# WHAT YOU SHOULD DO:
Starting at the line that holds "of_int (c r)" and stopping at the line that holds "positive generator of", restate the records below word for word, with both of those lines included.

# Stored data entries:
* * *

(* Let $\mathcal O$ be an order in a definite quaternion algebra $H$ over $\mathbb Q$, $\mathfrak a$ a left $\mathcal O$-ideal and $m\ge1$. Then $T_m(\mathfrak a)=\{\mathfrak b\text{ left }\mathcal O\text{-ideal}:\mathfrak b\subseteq\mathfrak a,\ [\mathfrak a:\mathfrak b]=m^2\}$. Moreover $m\mathfrak a\subseteq\mathfrak b$ for every $\mathfrak b\in T_m(\mathfrak a)$; in particular, $\mathfrak b\in T_m(\mathfrak a)$ if and only if $m\mathfrak a\in T_m(\mathfrak b)$.
   Context: $N$ reduced norm; for a lattice $\mathfrak a$, $N(\mathfrak a)=\gcd\{N(x):x\in\mathfrak a\}$. A left $\mathcal O$-ideal is a lattice $\mathfrak a$ with $\mathfrak a\otimes\mathbb Z_q=\mathcal O_qx_q$, $x_q\in H_q^\times$, for every prime $q$. $T_m(\mathfrak a)=\{\mathfrak b\text{ left }\mathcal O\text{-ideal}:\mathfrak b\subseteq\mathfrak a,\ N(\mathfrak b)=mN(\mathfrak a)\}$. *)

theory Defs
  imports Complex_Main "HOL-Computational_Algebra.Primes"
begin

text \<open>Elements x0 + x1 i + x2 j + x3 k of the quaternion algebra (a,b)_Q with
  i^2 = a, j^2 = b, k = ij = -ji.  Every definite quaternion algebra over Q is
  isomorphic to (a,b)_Q for some rationals a < 0, b < 0.\<close>

datatype quat = Quat (q0: rat) (q1: rat) (q2: rat) (q3: rat)

instantiation quat :: ab_group_add
begin
definition "0 = Quat 0 0 0 0"
definition "x + y = Quat (q0 x + q0 y) (q1 x + q1 y) (q2 x + q2 y) (q3 x + q3 y)"
definition "x - y = Quat (q0 x - q0 y) (q1 x - q1 y) (q2 x - q2 y) (q3 x - q3 y)"
definition "- x = Quat (- q0 x) (- q1 x) (- q2 x) (- q3 x)"
instance
  by standard (auto simp: zero_quat_def plus_quat_def minus_quat_def uminus_quat_def)
end

definition qscale :: "rat \<Rightarrow> quat \<Rightarrow> quat" where
  "qscale r x = Quat (r * q0 x) (r * q1 x) (r * q2 x) (r * q3 x)"

definition qone :: quat where "qone = Quat 1 0 0 0"

definition qmul :: "rat \<Rightarrow> rat \<Rightarrow> quat \<Rightarrow> quat \<Rightarrow> quat" where
  "qmul a b x y = Quat
     (q0 x * q0 y + a * q1 x * q1 y + b * q2 x * q2 y - a * b * q3 x * q3 y)
     (q0 x * q1 y + q1 x * q0 y - b * q2 x * q3 y + b * q3 x * q2 y)
     (q0 x * q2 y + q2 x * q0 y + a * q1 x * q3 y - a * q3 x * q1 y)
     (q0 x * q3 y + q3 x * q0 y + q1 x * q2 y - q2 x * q1 y)"

definition qnrd :: "rat \<Rightarrow> rat \<Rightarrow> quat \<Rightarrow> rat" where
  "qnrd a b x = q0 x ^ 2 - a * q1 x ^ 2 - b * q2 x ^ 2 + a * b * q3 x ^ 2"

definition definite_quat_alg :: "rat \<Rightarrow> rat \<Rightarrow> bool" where
  "definite_quat_alg a b \<longleftrightarrow> a < 0 \<and> b < 0"

definition qunit :: "rat \<Rightarrow> rat \<Rightarrow> quat \<Rightarrow> bool" where
  "qunit a b x \<longleftrightarrow> (\<exists>y. qmul a b x y = qone \<and> qmul a b y x = qone)"

definition is_lattice :: "quat set \<Rightarrow> bool" where
  "is_lattice L \<longleftrightarrow> (\<exists>v :: nat \<Rightarrow> quat.
      (\<forall>c :: nat \<Rightarrow> rat. (\<Sum>i<4. qscale (c i) (v i)) = 0 \<longrightarrow> (\<forall>i<4. c i = 0)) \<and>
      L = {(\<Sum>i<4. qscale (of_int (n i)) (v i)) | n :: nat \<Rightarrow> int. True})"

definition is_order :: "rat \<Rightarrow> rat \<Rightarrow> quat set \<Rightarrow> bool" where
  "is_order a b O' \<longleftrightarrow> is_lattice O' \<and> qone \<in> O' \<and>
      (\<forall>x\<in>O'. \<forall>y\<in>O'. qmul a b x y \<in> O')"

definition zloc :: "nat \<Rightarrow> rat set" where
  "zloc q = {r. \<not> (int q dvd snd (quotient_of r))}"

text \<open>The Z_(q)-span of a subset of H, i.e. L \<otimes> Z_(q) for a lattice L.\<close>
definition loc_span :: "nat \<Rightarrow> quat set \<Rightarrow> quat set" where
  "loc_span q S = {(\<Sum>v\<in>F. qscale (c v) v) | F c. finite F \<and> F \<subseteq> S \<and> (\<forall>v\<in>F. c v \<in> zloc q)}"

definition left_ideal :: "rat \<Rightarrow> rat \<Rightarrow> quat set \<Rightarrow> quat set \<Rightarrow> bool" where
  "left_ideal a b O' A \<longleftrightarrow> is_lattice A \<and>
     (\<forall>q. prime q \<longrightarrow> (\<exists>x. qunit a b x \<and>
        loc_span q A = {qmul a b y x | y. y \<in> loc_span q O'}))"

definition int_span :: "rat set \<Rightarrow> rat set" where
  "int_span S = {(\<Sum>r\<in>F. of_int (c r) * r) | F c. finite F \<and> F \<subseteq> S}"

text \<open>Norm of a lattice: the gcd of the reduced norms of its elements, i.e. the
  positive generator of the fractional ideal of Z generated by them.\<close>
definition lat_norm :: "rat \<Rightarrow> rat \<Rightarrow> quat set \<Rightarrow> rat" where
  "lat_norm a b L = (THE r. r > 0 \<and> int_span (qnrd a b ` L) = {of_int n * r | n. True})"

definition lat_index :: "quat set \<Rightarrow> quat set \<Rightarrow> nat" where
  "lat_index A B = card ((\<lambda>x. {x + y | y. y \<in> B}) ` A)"

definition Tm :: "rat \<Rightarrow> rat \<Rightarrow> quat set \<Rightarrow> nat \<Rightarrow> quat set \<Rightarrow> quat set set" where
  "Tm a b O' m A = {B. left_ideal a b O' B \<and> B \<subseteq> A \<and> lat_norm a b B = of_nat m * lat_norm a b A}"

definition lat_smult :: "nat \<Rightarrow> quat set \<Rightarrow> quat set" where
  "lat_smult m A = qscale (of_nat m) ` A"

end

theory Submission
  imports Defs "HOL-Computational_Algebra.Squarefree" "HOL-Library.FuncSet"
begin

text \<open>Everything is reduced to the localisations at the primes q.  A left O-ideal A is locally
  principal, A_q = O_q x, and since the reduced norms of elements of O_q are q-integral, the
  q-adic valuation of the norm N(A) (the gcd of the reduced norms) is that of nrd x.  For
  B \<subseteq> A we get B_q = O_q z x with z \<in> O_q, and the q-part of the index [A : B] equals that of
  [O x : O z x] = [O : O z].  The latter is nrd(z)^2: right multiplication by z and by its
  conjugate have the same index (they are intertwined by some w with w z = conj z w), and their
  composite is multiplication by nrd z, of index nrd(z)^4.  Comparing valuations at all primes
  gives [A : B] = (N(B) / N(A))^2.  If moreover N(B) = m N(A), then v_q(nrd z) = v_q(m), so
  (m / nrd z) conj z lies in O_q and maps B_q onto m A_q; hence m A \<subseteq> B, and the converse
  direction uses N(m A) = m^2 N(A).\<close>

section \<open>Quaternion arithmetic\<close>

lemma quat_eqI: "q0 x = q0 y \<Longrightarrow> q1 x = q1 y \<Longrightarrow> q2 x = q2 y \<Longrightarrow> q3 x = q3 y \<Longrightarrow> x = y"
  by (cases x; cases y) auto

lemma quat_comps [simp]:
  "q0 0 = 0" "q1 0 = 0" "q2 0 = 0" "q3 0 = 0"
  "q0 (x + y) = q0 x + q0 y" "q1 (x + y) = q1 x + q1 y" "q2 (x + y) = q2 x + q2 y" "q3 (x + y) = q3 x + q3 y"
  "q0 (x - y) = q0 x - q0 y" "q1 (x - y) = q1 x - q1 y" "q2 (x - y) = q2 x - q2 y" "q3 (x - y) = q3 x - q3 y"
  "q0 (- x) = - q0 x" "q1 (- x) = - q1 x" "q2 (- x) = - q2 x" "q3 (- x) = - q3 x"
  "q0 (qscale r x) = r * q0 x" "q1 (qscale r x) = r * q1 x" "q2 (qscale r x) = r * q2 x" "q3 (qscale r x) = r * q3 x"
  "q0 qone = 1" "q1 qone = 0" "q2 qone = 0" "q3 qone = 0"
  by (simp_all add: zero_quat_def plus_quat_def minus_quat_def uminus_quat_def qscale_def qone_def)

lemma quat_sum_comps [simp]:
  "q0 (sum f A) = (\<Sum>x\<in>A. q0 (f x))" "q1 (sum f A) = (\<Sum>x\<in>A. q1 (f x))"
  "q2 (sum f A) = (\<Sum>x\<in>A. q2 (f x))" "q3 (sum f A) = (\<Sum>x\<in>A. q3 (f x))"
  by (induct A rule: infinite_finite_induct; simp)+

lemma qmul_comps [simp]:
  "q0 (qmul a b x y) = q0 x * q0 y + a * q1 x * q1 y + b * q2 x * q2 y - a * b * q3 x * q3 y"
  "q1 (qmul a b x y) = q0 x * q1 y + q1 x * q0 y - b * q2 x * q3 y + b * q3 x * q2 y"
  "q2 (qmul a b x y) = q0 x * q2 y + q2 x * q0 y + a * q1 x * q3 y - a * q3 x * q1 y"
  "q3 (qmul a b x y) = q0 x * q3 y + q3 x * q0 y + q1 x * q2 y - q2 x * q1 y"
  by (simp_all add: qmul_def)

lemma qscale_simps [simp]:
  "qscale 1 x = x" "qscale 0 x = 0" "qscale r 0 = 0"
  "qscale r (qscale s x) = qscale (r * s) x"
  by (auto intro!: quat_eqI)

lemma qscale_add_right: "qscale r (x + y) = qscale r x + qscale r y"
  and qscale_add_left: "qscale (r + s) x = qscale r x + qscale s x"
  and qscale_diff_right: "qscale r (x - y) = qscale r x - qscale r y"
  and qscale_diff_left: "qscale (r - s) x = qscale r x - qscale s x"
  and qscale_minus_right: "qscale r (- x) = - qscale r x"
  and qscale_minus_left: "qscale (- r) x = - qscale r x"
  by (auto intro!: quat_eqI simp: algebra_simps)

lemma qscale_sum_right: "qscale r (sum f A) = (\<Sum>x\<in>A. qscale r (f x))"
  by (induct A rule: infinite_finite_induct; simp add: qscale_add_right)

lemma qmul_add_left: "qmul a b (x + y) z = qmul a b x z + qmul a b y z"
  and qmul_add_right: "qmul a b z (x + y) = qmul a b z x + qmul a b z y"
  and qmul_diff_left: "qmul a b (x - y) z = qmul a b x z - qmul a b y z"
  and qmul_diff_right: "qmul a b z (x - y) = qmul a b z x - qmul a b z y"
  and qmul_minus_left: "qmul a b (- x) z = - qmul a b x z"
  and qmul_minus_right: "qmul a b z (- x) = - qmul a b z x"
  and qmul_scale_left: "qmul a b (qscale r x) z = qscale r (qmul a b x z)"
  and qmul_scale_right: "qmul a b z (qscale r x) = qscale r (qmul a b z x)"
  and qmul_zero_left [simp]: "qmul a b 0 z = 0"
  and qmul_zero_right [simp]: "qmul a b z 0 = 0"
  and qmul_one_left [simp]: "qmul a b qone z = z"
  and qmul_one_right [simp]: "qmul a b z qone = z"
  by (auto intro!: quat_eqI simp: algebra_simps)

lemma qmul_sum_left: "qmul a b (sum f A) z = (\<Sum>i\<in>A. qmul a b (f i) z)"
  by (induct A rule: infinite_finite_induct; simp add: qmul_add_left)

lemma qmul_sum_right: "qmul a b z (sum f A) = (\<Sum>i\<in>A. qmul a b z (f i))"
  by (induct A rule: infinite_finite_induct; simp add: qmul_add_right)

* * *

# TASK RESULT:
  "int_span S = {(\<Sum>r\<in>F. of_int (c r) * r) | F c. finite F \<and> F \<subseteq> S}"

text \<open>Norm of a lattice: the gcd of the reduced norms of its elements, i.e. the
  positive generator of the fractional ideal of Z generated by them.\<close>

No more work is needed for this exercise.